А подойдёшь поближе: ч-ч-чёрт, бывает же такое диво…

Год не дожила до сотни. Те шамкающие старухи ей в дочери годились.
Наверное, красивой была «у девках».

Да, предки не умничали. Жердь положил поперёк дороги – и всё ясно, кто есть кто. Кто человек, а кто прожорливое звено пищевой цепи. Слыхал, будто в тюрьмах кладут широкое и чистое полотенце у двери, вместо половой тряпки. Ну, когда ждут в камеру новенького жильца «первой ходки». Если растеряется и перепрыгнет через чистое полотенце, то «козёл». Вытрет ноги – «мужик». «Мужик» по их «понятиям», разумеется.

Там свои понятия о мужиках. Там пленному солдату щей не плеснут.

Но правило «одного поступка» всегда и везде безотказное. Один-единственный поступок – и всё ясно, кто ты. И вплоть до каждого слова ясно, какая тайная мысль твой поступок сопровождает. Ты её не разбалтываешь, ты лицо от меня за угол школы спрятал, но я твою мысль облезлую читаю на облезлом потолке: «Каждой суке потолки ремонтировать? На всех сук здоровья не напасёшься».

Господи, зачем я посылаю ей деньги? – кобеля блудливого откармливать?! Чтобы поел-попил, пультом телеканалы перебрал, а там и девка красивая пришла с работы?

Он же копейки стоит, потолок этот. Да, клеить трудновато. Руки поднятые немеют то и дело. Но всего-то день работы!

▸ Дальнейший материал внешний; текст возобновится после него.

lemma inner_Vop_nonneg: "0 \<le> inner v (Vop X v)"
proof -
  have "inner v (Vop X v) = (\<Sum>i\<in>UNIV. \<Sum>j\<in>UNIV. (if X$i$j \<ge> 0 then 1 else 0) * (Bstar v $i$j)\<^sup>2)"
    by (simp add: Vop_def inner_commute[of v] inner_Bop_Bstar inner_matrix_eq_sum Uop_def power2_eq_square algebra_simps)
  also have "\<dots> \<ge> 0" by (intro sum_nonneg) auto
  finally show ?thesis .
qed

lemma norm_Uop_le: "norm (Uop X H) \<le> norm H"
proof -
  have "(norm (Uop X H))\<^sup>2 \<le> (norm H)\<^sup>2"
    unfolding norm_matrix_power2_eq_sum by (intro sum_mono) (auto simp: Uop_def power2_eq_square)
  then show ?thesis by (simp add: power2_le_iff_abs_le)
qed

lemma norm_Bstar_le: "norm (Bstar y :: real^'n^'n) \<le> sqrt (2 * CARD('n)) * norm y"
proof -
  obtain a c where y: "y = (a, c)" by (cases y)
  have "(norm (Bstar y :: real^'n^'n))\<^sup>2 = (\<Sum>i\<in>UNIV. \<Sum>j\<in>UNIV. (a$i + c$j)\<^sup>2)"
    by (simp add: norm_matrix_power2_eq_sum Bstar_def y)
  also have "\<dots> \<le> (\<Sum>i\<in>UNIV. \<Sum>j\<in>UNIV. 2 * (a$i)\<^sup>2 + 2 * (c$j)\<^sup>2)"
  proof (intro sum_mono)
    fix i j
    have "0 \<le> (a$i - c$j)\<^sup>2" by simp
    then show "(a$i + c$j)\<^sup>2 \<le> 2 * (a$i)\<^sup>2 + 2 * (c$j)\<^sup>2"
      by (simp add: power2_eq_square algebra_simps)
  qed
  also have "\<dots> = 2 * CARD('n) * ((\<Sum>i\<in>UNIV. (a$i)\<^sup>2) + (\<Sum>j\<in>UNIV. (c$j)\<^sup>2))"
    by (simp add: sum.distrib sum_distrib_left algebra_simps)
  also have "\<dots> = 2 * CARD('n) * (norm y)\<^sup>2"
    unfolding y power2_norm_eq_inner by (simp add: inner_prod_def inner_vec_def power2_eq_square)
  finally have "norm (Bstar y :: real^'n^'n) \<le> sqrt (2 * CARD('n) * (norm y)\<^sup>2)"
    by (rule real_le_rsqrt)
  then show ?thesis by (simp add: real_sqrt_mult)
qed

lemma norm_Bop_le: "norm (Bop X :: (real^'n) \<times> (real^'n)) \<le> sqrt (2 * CARD('n)) * norm X"
proof -
  have "(norm (Bop X))\<^sup>2 = inner X (Bstar (Bop X))"
    by (simp add: power2_norm_eq_inner inner_Bop_Bstar)
  also have "\<dots> \<le> norm X * norm (Bstar (Bop X) :: real^'n^'n)"
    by (rule norm_cauchy_schwarz)
  also have "\<dots> \<le> norm X * (sqrt (2 * CARD('n)) * norm (Bop X))"
    by (intro mult_left_mono norm_Bstar_le) simp
  finally have "norm (Bop X) * norm (Bop X) \<le> (sqrt (2 * CARD('n)) * norm X) * norm (Bop X)"
    by (simp add: power2_eq_square algebra_simps)
  then show ?thesis
    by (cases "Bop X = 0") (auto simp: mult_le_cancel_right)
qed

lemma norm_Vop_le: "norm (Vop X v :: (real^'n) \<times> (real^'n)) \<le> 2 * CARD('n) * norm v"
proof -
  have "norm (Vop X v) \<le> sqrt (2 * CARD('n)) * norm (Uop X (Bstar v))"
    unfolding Vop_def by (rule norm_Bop_le)
  also have "\<dots> \<le> sqrt (2 * CARD('n)) * (sqrt (2 * CARD('n)) * norm v)"
    by (intro mult_left_mono order_trans[OF norm_Uop_le norm_Bstar_le]) simp
  also have "\<dots> = 2 * CARD('n) * norm v" by (simp add: mult.assoc[symmetric])
  finally show ?thesis .
qed

lemma subspace_RanB: "subspace RanB"
  unfolding RanB_def by (rule linear_subspace_image[OF linear_Bop subspace_UNIV])

lemma bvec_in_RanB: "bvec \<in> RanB"
proof -
  have "Bop (mat 1) = bvec" by (simp add: Bop_def bvec_def)
  then show ?thesis unfolding RanB_def by (metis rangeI)
qed

lemma grad_phi_in_RanB: "grad_phi G y \<in> RanB"
  unfolding grad_phi_def
  by (rule subspace_diff[OF subspace_RanB _ bvec_in_RanB]) (simp add: RanB_def)

lemma Vop_in_RanB: "Vop X v \<in> RanB"
  by (simp add: Vop_def RanB_def)

section \<open>Projection onto the nonnegative orthant\<close>

lemma pos_part_sq_fenchel:
  fixes x w :: real
  assumes "0 \<le> x"
  shows "x * w - x\<^sup>2 / 2 \<le> (max 0 w)\<^sup>2 / 2"
proof -
  have "x * w \<le> x * max 0 w" using assms by (simp add: mult_left_mono)
  moreover have "(max 0 w - x)\<^sup>2 = (max 0 w)\<^sup>2 - 2 * (x * max 0 w) + x\<^sup>2"
    by (simp add: power2_diff algebra_simps)
  moreover have "0 \<le> (max 0 w - x)\<^sup>2" by simp
  ultimately show ?thesis by linarith
qed

lemma pos_part_sq_lower:
  fixes s w :: real
  shows "(max 0 w)\<^sup>2 / 2 + max 0 w * (s - w) \<le> (max 0 s)\<^sup>2 / 2"
proof (cases "0 \<le> w")
  case True
  then show ?thesis
    using pos_part_sq_fenchel[OF True, of s] by (simp add: power2_eq_square algebra_simps)
qed simp

lemma pos_part_sq_upper:
  fixes s w :: real
  shows "(max 0 s)\<^sup>2 / 2 \<le> (max 0 w)\<^sup>2 / 2 + max 0 w * (s - w) + (s - w)\<^sup>2 / 2"
proof (cases "0 \<le> w")
  case True
  have "(max 0 s)\<^sup>2 \<le> s\<^sup>2" by (simp add: max_def)
  moreover have "w\<^sup>2 / 2 + w * (s - w) + (s - w)\<^sup>2 / 2 = s\<^sup>2 / 2"
    by (simp add: power2_eq_square field_simps)
  ultimately show ?thesis using True by simp
next
  case False
  have "(max 0 s)\<^sup>2 \<le> (s - w)\<^sup>2" using False by (cases "0 \<le> s") (auto intro: power_mono)
  then show ?thesis using False by simp
qed

lemma norm_projC_diff_le: "norm (projC X - projC Y) \<le> norm (X - Y)"
proof -
  have "(max 0 a - max 0 b)\<^sup>2 \<le> (a - b)\<^sup>2" for a b :: real
    by (simp add: abs_le_square_iff[symmetric])
  then have "(norm (projC X - projC Y))\<^sup>2 \<le> (norm (X - Y))\<^sup>2"
    unfolding norm_matrix_power2_eq_sum by (intro sum_mono) (auto simp: projC_def)
  then show ?thesis by (simp add: power2_le_iff_abs_le)
qed

lemma norm_projC_sq_upper:
  "(norm (projC (W + H)))\<^sup>2 / 2 \<le> (norm (projC W))\<^sup>2 / 2 + inner (projC W) H + (norm H)\<^sup>2 / 2"
proof -
  have "(norm (projC (W + H)))\<^sup>2 / 2 = (\<Sum>i\<in>UNIV. \<Sum>j\<in>UNIV. (max 0 (W$i$j + H$i$j))\<^sup>2 / 2)"
    by (simp add: norm_matrix_power2_eq_sum projC_def sum_divide_distrib)
  also have "\<dots> \<le> (\<Sum>i\<in>UNIV. \<Sum>j\<in>UNIV.
                    (max 0 (W$i$j))\<^sup>2 / 2 + max 0 (W$i$j) * H$i$j + (H$i$j)\<^sup>2 / 2)"
    using pos_part_sq_upper[of "W$i$j + H$i$j" "W$i$j" for i j] by (intro sum_mono) simp
  also have "\<dots> = (norm (projC W))\<^sup>2 / 2 + inner (projC W) H + (norm H)\<^sup>2 / 2"
    by (simp add: norm_matrix_power2_eq_sum inner_matrix_eq_sum projC_def sum.distrib sum_divide_distrib)
  finally show ?thesis .
qed

lemma norm_projC_sq_lower:
  "(norm (projC W))\<^sup>2 / 2 + inner (projC W) H \<le> (norm (projC (W + H)))\<^sup>2 / 2"
proof -
  have "(norm (projC W))\<^sup>2 / 2 + inner (projC W) H
      = (\<Sum>i\<in>UNIV. \<Sum>j\<in>UNIV. (max 0 (W$i$j))\<^sup>2 / 2 + max 0 (W$i$j) * H$i$j)"
    by (simp add: norm_matrix_power2_eq_sum inner_matrix_eq_sum projC_def sum.distrib sum_divide_distrib)
  also have "\<dots> \<le> (\<Sum>i\<in>UNIV. \<Sum>j\<in>UNIV. (max 0 (W$i$j + H$i$j))\<^sup>2 / 2)"
    using pos_part_sq_lower[of "W$i$j" "W$i$j + H$i$j" for i j] by (intro sum_mono) simp
  also have "\<dots> = (norm (projC (W + H)))\<^sup>2 / 2"
    by (simp add: norm_matrix_power2_eq_sum projC_def sum_divide_distrib)
  finally show ?thesis .
qed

– …Ты меня не слушал, что ли?

Смотрит огорчённо.
– Ну что ты, Танюшка… Я тебя очень-очень внимательно слушал.
– Тогда говори.

Настырно произносит.

И что я ей скажу? Соврать? Да, не везёт девке…
– Он тебя бросит.

Очень растерянное лицо.
– Почему?

Молчим.
Стукнула чашкой:
– Нет, ты скажи, «почему»! Я что, уродина?! Слепая я, что ли?!

Она очень красивая. В отца. Рослая, лицо тонкое, кожа плотная, белая, как мрамор. Ни прыщика, ни волоска. Жгучая брюнетка с огромными глазами. Синими, без единой крапинки. Редкое сочетание цветов. Смеётся: брюки трудно выбирать, дядя Воки, ноги длинноваты.
Как и я, «безотцовщина». Но мой папуля «истинное чувство» искал себе и нашёл (при городской квартире, разумеется), а её отец «уехал в длительную командировку». Привезли из командировки в цинковом гробу. Десантник. Хороший парень был. Настоящий. Таких всегда и убивают почему-то.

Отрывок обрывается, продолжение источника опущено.